LAUSR

Abstract β-tricalcium phosphate (β-TCP) is an ideal biomaterial for the bone repair because of its biocompatibility and biodegradability. In this study, 0 mol%, 5 mol%, 15 mol% and 30%mol bivalent manganese ion (Mn2+) doped β-TCP (Mn-TCP) powders were synthesized by a sol-gel method. The amount of the dopants significantly influences the crystallinity and the parameters related with structure of β-TCP, such as the lattice parameters and crystallite dimensions. The particle size and the particle distribution of doped β-TCP powers were evaluated as well. Meanwhile, the as-synthesized powders were consolidated by sintering at 1000 °C in muffle furnace for 5 h to get Mn-TCP porous material and the degradation experiment was carried out in Simulated Body Fluid (SBF) solution for 28 days.
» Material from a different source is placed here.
(* Let $F$ be a field, $V$ a nonzero vector space over $F$, $\Gamma$ a nonempty set, $\varphi:\Gamma\to\Gamma$ a map and $\mathfrak{w}=(\mathfrak{w}_\alpha)_{\alpha\in\Gamma}\in F^\Gamma$. Let $\sigma_{\varphi,\mathfrak{w}}:V^\Gamma\to V^\Gamma$, $(x_\alpha)_{\alpha\in\Gamma}\mapsto(\mathfrak{w}_\alpha x_{\varphi(\alpha)})_{\alpha\in\Gamma}$. Put \[\mathsf{M}:=\Big\{r\in F\setminus\{0\}: \exists\theta\in P(\varphi)\setminus\downarrow\mathfrak{Z}\ \ \prod_{0\leq i<per(\theta)} \mathfrak{w}_{\varphi^{i}(\theta)}=r^{per(\theta)}\Big\}.\] Then \[{\rm Eigen}(\sigma_{\varphi,\mathfrak{w}},V^\Gamma)=\begin{cases} F\setminus\{0\}, & W(\varphi)\not\subseteq \downarrow\mathfrak{Z},\ \Gamma=\varphi(\Gamma\setminus\mathfrak{Z}),\\ F, & W(\varphi)\not\subseteq\downarrow\mathfrak{Z},\ \Gamma\neq\varphi(\Gamma\setminus\mathfrak{Z}),\\ \mathsf{M}, & W(\varphi)\subseteq \downarrow\mathfrak{Z},\ \Gamma=\varphi(\Gamma\setminus\mathfrak{Z}),\\ \mathsf{M}\cup\{0\}, & W(\varphi)\subseteq\downarrow\mathfrak{Z},\ \Gamma\neq\varphi(\Gamma\setminus\mathfrak{Z}). \end{cases}\]
   Context: For a linear map $T:W\to W$ on an $F$-vector space $W$, ${\rm Eigen}(T,W)$ is the set of all $r\in F$ such that $T(x)=rx$ for some nonzero $x\in W$. $\mathfrak{Z}:=\{\alpha\in\Gamma:\mathfrak{w}_\alpha=0\}$ and $\downarrow\mathfrak{Z}:=\bigcup_{n\geq0}\varphi^{-n}(\mathfrak{Z})$ (with $\varphi^0$ the identity). A point $a\in\Gamma$ is wandering if the sequence $(\varphi^n(a))_{n\geq1}$ is one-to-one; $W(\varphi)$ is the set of wandering points. $a$ is periodic if $\varphi^n(a)=a$ for some $n\geq1$; $P(\varphi)$ is the set of periodic points, and for $\alpha\in P(\varphi)$, $per(\alpha)=\min\{n\geq1:\varphi^n(\alpha)=\alpha\}$. *)

theory Defs
  imports Main "HOL.Vector_Spaces" "HOL-Library.Function_Algebras"
begin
Then, Mn-TCP porous material were characterized by Fourier-transform infrared spectroscopy (FTIR), X-ray diffraction (XRD), and scanning electron microscope (SEM). Significantly, there were bone-like apatite materials deposited on the surface of bone-like porous materials. With the increasing doping amount of Mn2+, the newly formed apatite-like materials decreased, while the crystallinity increased significantly. Besides, pH results showed that alkaline environment was more favorable for the formation of sedimentary materials.